## [INSTRUCTIONS TO FOLLOW]
Below are the records. Retype exactly the lines between the lines holding "(\<forall>e\<in>E. \<exists>u v." and "vs ! i = vs", inclusive.

## [AVAILABLE DATA]
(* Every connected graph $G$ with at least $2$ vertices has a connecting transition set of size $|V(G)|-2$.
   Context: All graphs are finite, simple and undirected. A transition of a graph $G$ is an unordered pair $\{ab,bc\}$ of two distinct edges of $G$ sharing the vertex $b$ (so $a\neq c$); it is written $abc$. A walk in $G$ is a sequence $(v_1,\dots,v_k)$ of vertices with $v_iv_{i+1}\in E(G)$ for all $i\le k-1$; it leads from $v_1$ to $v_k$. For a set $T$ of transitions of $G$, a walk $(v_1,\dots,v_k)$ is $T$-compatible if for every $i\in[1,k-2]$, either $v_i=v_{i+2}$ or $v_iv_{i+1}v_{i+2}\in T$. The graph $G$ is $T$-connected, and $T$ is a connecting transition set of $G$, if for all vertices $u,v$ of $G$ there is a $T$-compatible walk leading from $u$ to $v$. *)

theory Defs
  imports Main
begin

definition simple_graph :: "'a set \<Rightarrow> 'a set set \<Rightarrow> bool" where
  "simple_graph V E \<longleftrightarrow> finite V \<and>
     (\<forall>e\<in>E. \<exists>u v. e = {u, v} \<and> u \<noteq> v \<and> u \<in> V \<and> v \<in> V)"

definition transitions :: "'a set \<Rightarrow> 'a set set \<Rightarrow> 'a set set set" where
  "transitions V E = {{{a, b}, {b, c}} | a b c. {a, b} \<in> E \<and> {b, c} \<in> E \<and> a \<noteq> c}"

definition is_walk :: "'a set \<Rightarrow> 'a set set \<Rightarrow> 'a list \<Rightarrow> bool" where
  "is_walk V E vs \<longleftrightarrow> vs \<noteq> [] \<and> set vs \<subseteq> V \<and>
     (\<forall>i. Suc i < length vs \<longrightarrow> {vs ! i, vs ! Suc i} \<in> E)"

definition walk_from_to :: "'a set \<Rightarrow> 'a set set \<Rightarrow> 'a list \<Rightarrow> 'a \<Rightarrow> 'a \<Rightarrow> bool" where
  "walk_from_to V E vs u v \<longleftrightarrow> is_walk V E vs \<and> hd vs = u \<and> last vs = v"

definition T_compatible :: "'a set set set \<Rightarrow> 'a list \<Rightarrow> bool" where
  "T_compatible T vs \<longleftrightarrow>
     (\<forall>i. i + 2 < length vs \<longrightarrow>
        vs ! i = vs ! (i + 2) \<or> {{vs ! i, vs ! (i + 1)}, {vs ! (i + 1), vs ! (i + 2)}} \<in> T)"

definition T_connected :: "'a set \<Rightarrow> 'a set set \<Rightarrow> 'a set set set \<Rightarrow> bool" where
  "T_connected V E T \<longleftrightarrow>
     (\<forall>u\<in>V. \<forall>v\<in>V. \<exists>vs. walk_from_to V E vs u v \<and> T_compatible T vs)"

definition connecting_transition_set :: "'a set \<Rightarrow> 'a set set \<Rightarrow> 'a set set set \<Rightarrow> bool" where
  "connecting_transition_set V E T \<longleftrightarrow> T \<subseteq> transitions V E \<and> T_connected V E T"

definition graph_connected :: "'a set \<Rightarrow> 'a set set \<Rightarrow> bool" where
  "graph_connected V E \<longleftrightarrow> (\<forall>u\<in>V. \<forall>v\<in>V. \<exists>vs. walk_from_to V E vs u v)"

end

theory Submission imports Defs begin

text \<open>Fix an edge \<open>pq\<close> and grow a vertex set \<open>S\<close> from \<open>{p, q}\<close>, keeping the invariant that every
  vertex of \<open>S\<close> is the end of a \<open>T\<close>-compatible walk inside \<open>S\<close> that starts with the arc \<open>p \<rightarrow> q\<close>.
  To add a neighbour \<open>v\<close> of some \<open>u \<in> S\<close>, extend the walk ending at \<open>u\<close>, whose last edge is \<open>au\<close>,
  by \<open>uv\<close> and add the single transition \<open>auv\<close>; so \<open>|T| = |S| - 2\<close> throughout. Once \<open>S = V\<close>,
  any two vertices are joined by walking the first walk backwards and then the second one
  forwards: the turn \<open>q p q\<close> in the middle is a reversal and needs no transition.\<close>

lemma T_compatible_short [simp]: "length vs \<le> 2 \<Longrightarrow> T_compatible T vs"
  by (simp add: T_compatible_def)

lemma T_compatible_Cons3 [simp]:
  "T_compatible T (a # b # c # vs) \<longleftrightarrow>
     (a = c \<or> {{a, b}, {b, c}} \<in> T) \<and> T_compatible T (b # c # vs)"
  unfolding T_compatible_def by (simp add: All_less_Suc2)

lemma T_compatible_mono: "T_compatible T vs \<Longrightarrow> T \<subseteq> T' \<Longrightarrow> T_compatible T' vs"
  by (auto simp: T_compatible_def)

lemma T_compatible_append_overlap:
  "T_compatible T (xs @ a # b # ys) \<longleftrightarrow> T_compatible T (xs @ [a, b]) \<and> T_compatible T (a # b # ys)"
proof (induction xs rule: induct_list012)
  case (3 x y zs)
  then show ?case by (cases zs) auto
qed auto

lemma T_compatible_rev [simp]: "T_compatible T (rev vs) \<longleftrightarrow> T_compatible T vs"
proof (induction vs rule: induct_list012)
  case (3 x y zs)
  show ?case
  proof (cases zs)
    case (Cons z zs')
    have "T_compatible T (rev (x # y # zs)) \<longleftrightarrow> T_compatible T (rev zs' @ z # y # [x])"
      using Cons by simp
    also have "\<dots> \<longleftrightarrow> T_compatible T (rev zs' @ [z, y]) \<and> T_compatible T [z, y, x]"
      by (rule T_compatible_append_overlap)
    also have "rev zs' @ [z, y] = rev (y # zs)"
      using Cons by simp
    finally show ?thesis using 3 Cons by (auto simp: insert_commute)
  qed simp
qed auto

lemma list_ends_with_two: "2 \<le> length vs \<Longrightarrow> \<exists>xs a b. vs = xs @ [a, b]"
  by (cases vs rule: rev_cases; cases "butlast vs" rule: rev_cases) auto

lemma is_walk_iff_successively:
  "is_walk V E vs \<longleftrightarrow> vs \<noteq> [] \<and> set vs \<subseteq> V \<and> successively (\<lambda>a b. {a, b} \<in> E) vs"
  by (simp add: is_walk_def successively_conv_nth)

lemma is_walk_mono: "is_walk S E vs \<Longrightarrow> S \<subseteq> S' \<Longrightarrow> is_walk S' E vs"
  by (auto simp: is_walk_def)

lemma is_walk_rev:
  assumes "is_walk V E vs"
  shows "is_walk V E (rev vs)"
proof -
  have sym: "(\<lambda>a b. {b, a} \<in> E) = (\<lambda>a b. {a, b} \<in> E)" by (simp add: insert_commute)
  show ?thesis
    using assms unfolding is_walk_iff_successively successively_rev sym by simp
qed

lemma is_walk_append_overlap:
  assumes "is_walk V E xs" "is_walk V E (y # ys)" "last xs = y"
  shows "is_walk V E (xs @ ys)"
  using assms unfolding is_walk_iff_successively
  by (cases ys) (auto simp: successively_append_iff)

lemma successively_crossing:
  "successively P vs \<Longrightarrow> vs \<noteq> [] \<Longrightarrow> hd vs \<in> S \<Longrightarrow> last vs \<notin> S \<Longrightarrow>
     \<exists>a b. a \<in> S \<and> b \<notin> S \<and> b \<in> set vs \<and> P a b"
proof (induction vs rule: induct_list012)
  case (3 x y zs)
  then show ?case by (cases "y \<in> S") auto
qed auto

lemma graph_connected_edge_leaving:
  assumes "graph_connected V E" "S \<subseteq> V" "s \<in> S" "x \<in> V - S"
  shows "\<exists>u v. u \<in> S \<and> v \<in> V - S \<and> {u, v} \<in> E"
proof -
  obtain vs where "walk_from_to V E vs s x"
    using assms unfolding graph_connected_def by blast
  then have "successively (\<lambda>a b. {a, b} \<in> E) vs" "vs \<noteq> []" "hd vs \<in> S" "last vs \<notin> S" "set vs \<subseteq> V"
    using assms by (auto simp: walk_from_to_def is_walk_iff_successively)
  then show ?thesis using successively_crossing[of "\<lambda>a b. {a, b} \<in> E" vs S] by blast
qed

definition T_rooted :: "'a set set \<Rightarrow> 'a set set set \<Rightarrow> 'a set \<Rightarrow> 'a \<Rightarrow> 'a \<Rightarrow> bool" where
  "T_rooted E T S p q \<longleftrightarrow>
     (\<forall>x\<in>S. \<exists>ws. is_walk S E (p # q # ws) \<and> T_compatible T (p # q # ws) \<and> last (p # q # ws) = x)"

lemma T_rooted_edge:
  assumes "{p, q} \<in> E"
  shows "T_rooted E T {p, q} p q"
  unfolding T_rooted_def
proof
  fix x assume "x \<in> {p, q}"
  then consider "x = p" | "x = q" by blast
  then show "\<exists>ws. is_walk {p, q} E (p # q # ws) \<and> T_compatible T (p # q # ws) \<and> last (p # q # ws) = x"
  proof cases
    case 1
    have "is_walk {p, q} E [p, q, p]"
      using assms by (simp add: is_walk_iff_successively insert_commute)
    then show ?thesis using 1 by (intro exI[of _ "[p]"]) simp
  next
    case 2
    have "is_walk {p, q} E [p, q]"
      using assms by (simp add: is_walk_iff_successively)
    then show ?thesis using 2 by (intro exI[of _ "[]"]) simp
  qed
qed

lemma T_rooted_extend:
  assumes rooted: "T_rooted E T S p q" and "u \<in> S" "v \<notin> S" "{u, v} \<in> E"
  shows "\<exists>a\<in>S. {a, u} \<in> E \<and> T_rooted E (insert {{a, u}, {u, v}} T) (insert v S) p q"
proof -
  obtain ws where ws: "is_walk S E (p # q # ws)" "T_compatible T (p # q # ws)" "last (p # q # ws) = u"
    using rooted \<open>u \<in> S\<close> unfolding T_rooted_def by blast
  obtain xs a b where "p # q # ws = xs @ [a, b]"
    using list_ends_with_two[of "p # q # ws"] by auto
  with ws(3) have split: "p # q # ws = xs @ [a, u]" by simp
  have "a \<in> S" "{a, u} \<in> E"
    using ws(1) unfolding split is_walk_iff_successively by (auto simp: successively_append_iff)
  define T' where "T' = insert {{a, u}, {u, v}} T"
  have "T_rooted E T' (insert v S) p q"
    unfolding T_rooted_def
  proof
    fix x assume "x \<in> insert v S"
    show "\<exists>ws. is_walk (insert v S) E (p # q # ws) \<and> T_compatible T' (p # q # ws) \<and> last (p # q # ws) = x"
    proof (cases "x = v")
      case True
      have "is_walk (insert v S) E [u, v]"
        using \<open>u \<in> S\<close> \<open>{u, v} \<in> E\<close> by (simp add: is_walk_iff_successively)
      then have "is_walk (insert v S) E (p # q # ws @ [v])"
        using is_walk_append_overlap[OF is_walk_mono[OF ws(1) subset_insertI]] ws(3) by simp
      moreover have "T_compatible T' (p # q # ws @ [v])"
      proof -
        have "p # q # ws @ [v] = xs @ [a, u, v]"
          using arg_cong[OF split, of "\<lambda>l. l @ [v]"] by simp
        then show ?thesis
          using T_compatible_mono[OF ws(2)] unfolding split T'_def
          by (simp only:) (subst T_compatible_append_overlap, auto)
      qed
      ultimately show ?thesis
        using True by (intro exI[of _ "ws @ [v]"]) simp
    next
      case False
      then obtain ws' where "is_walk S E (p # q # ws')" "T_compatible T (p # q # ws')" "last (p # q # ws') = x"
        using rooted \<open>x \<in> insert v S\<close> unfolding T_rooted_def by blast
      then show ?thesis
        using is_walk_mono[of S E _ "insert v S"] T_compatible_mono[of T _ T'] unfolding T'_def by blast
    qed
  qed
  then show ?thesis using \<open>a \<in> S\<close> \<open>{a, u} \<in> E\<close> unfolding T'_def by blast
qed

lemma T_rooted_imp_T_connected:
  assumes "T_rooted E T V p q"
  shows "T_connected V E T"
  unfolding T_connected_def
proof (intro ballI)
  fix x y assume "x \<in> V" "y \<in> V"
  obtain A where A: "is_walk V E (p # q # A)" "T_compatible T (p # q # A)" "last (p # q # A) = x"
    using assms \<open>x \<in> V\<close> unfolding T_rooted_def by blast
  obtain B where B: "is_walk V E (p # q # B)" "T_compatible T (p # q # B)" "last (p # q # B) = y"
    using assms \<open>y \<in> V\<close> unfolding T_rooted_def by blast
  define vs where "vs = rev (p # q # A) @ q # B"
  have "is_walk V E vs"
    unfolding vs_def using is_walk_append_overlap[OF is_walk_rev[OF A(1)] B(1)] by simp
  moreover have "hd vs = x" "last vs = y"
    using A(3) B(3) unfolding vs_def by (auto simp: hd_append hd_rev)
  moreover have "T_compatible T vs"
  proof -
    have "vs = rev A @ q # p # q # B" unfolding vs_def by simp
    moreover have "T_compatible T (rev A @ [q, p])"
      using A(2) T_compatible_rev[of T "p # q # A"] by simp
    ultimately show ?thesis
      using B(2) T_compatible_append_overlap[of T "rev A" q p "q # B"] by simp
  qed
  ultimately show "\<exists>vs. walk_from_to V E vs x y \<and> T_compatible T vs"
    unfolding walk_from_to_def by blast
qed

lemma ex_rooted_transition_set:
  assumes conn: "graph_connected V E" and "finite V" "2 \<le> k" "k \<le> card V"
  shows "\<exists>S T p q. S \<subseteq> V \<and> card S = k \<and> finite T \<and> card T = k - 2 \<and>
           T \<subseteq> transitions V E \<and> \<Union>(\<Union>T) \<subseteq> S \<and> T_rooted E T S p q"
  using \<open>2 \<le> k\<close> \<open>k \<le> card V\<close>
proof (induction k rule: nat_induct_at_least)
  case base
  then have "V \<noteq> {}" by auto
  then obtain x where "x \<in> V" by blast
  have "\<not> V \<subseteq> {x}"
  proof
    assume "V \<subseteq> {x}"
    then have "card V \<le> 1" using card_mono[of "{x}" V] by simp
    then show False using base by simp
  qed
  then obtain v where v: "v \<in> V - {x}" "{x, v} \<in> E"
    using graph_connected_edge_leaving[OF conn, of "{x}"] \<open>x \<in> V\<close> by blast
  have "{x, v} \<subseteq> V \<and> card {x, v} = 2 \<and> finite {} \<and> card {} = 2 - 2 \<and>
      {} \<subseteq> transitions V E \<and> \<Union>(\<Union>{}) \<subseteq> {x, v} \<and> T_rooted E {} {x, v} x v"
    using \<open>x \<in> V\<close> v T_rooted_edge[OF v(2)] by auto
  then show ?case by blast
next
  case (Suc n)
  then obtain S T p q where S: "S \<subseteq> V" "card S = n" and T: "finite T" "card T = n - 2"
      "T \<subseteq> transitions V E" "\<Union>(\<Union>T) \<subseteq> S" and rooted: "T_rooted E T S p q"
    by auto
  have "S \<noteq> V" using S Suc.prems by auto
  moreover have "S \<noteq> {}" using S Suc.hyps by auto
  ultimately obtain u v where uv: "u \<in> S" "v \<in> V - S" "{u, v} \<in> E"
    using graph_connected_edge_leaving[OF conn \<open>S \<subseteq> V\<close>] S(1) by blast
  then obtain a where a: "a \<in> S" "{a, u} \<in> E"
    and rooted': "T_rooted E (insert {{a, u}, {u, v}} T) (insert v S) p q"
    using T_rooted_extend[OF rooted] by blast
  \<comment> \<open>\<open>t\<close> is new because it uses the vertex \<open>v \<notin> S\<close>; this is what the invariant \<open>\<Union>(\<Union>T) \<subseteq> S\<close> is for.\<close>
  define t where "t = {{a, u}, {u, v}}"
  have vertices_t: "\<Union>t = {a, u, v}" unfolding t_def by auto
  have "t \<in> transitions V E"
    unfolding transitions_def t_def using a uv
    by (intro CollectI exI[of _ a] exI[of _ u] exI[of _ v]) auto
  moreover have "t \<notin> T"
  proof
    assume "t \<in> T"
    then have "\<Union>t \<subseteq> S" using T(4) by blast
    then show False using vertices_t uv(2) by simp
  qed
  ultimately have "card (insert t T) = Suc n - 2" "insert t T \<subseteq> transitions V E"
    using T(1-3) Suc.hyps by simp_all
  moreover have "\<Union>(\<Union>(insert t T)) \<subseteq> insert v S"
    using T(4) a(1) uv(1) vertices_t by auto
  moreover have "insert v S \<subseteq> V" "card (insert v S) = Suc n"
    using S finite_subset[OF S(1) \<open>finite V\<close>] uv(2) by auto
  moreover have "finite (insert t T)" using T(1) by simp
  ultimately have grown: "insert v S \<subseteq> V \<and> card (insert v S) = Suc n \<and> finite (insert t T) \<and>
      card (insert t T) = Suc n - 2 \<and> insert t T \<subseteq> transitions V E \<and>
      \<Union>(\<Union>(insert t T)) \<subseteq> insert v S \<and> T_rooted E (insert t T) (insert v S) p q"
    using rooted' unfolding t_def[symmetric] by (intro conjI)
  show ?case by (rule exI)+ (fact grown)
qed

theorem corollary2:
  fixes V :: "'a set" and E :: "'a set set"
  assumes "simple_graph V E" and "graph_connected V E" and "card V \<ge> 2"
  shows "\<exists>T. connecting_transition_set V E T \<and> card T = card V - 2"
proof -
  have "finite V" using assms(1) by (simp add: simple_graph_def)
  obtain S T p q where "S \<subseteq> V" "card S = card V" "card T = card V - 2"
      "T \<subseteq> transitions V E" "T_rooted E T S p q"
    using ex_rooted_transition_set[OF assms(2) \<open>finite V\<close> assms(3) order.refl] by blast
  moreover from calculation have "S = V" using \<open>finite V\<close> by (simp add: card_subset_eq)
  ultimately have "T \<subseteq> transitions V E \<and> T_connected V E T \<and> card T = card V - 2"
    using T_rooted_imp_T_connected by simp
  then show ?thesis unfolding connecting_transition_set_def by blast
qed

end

## [SOLUTION TO THIS TASK]
     (\<forall>e\<in>E. \<exists>u v. e = {u, v} \<and> u \<noteq> v \<and> u \<in> V \<and> v \<in> V)"

definition transitions :: "'a set \<Rightarrow> 'a set set \<Rightarrow> 'a set set set" where
  "transitions V E = {{{a, b}, {b, c}} | a b c. {a, b} \<in> E \<and> {b, c} \<in> E \<and> a \<noteq> c}"

definition is_walk :: "'a set \<Rightarrow> 'a set set \<Rightarrow> 'a list \<Rightarrow> bool" where
  "is_walk V E vs \<longleftrightarrow> vs \<noteq> [] \<and> set vs \<subseteq> V \<and>
     (\<forall>i. Suc i < length vs \<longrightarrow> {vs ! i, vs ! Suc i} \<in> E)"

definition walk_from_to :: "'a set \<Rightarrow> 'a set set \<Rightarrow> 'a list \<Rightarrow> 'a \<Rightarrow> 'a \<Rightarrow> bool" where
  "walk_from_to V E vs u v \<longleftrightarrow> is_walk V E vs \<and> hd vs = u \<and> last vs = v"

definition T_compatible :: "'a set set set \<Rightarrow> 'a list \<Rightarrow> bool" where
  "T_compatible T vs \<longleftrightarrow>
     (\<forall>i. i + 2 < length vs \<longrightarrow>
        vs ! i = vs ! (i + 2) \<or> {{vs ! i, vs ! (i + 1)}, {vs ! (i + 1), vs ! (i + 2)}} \<in> T)"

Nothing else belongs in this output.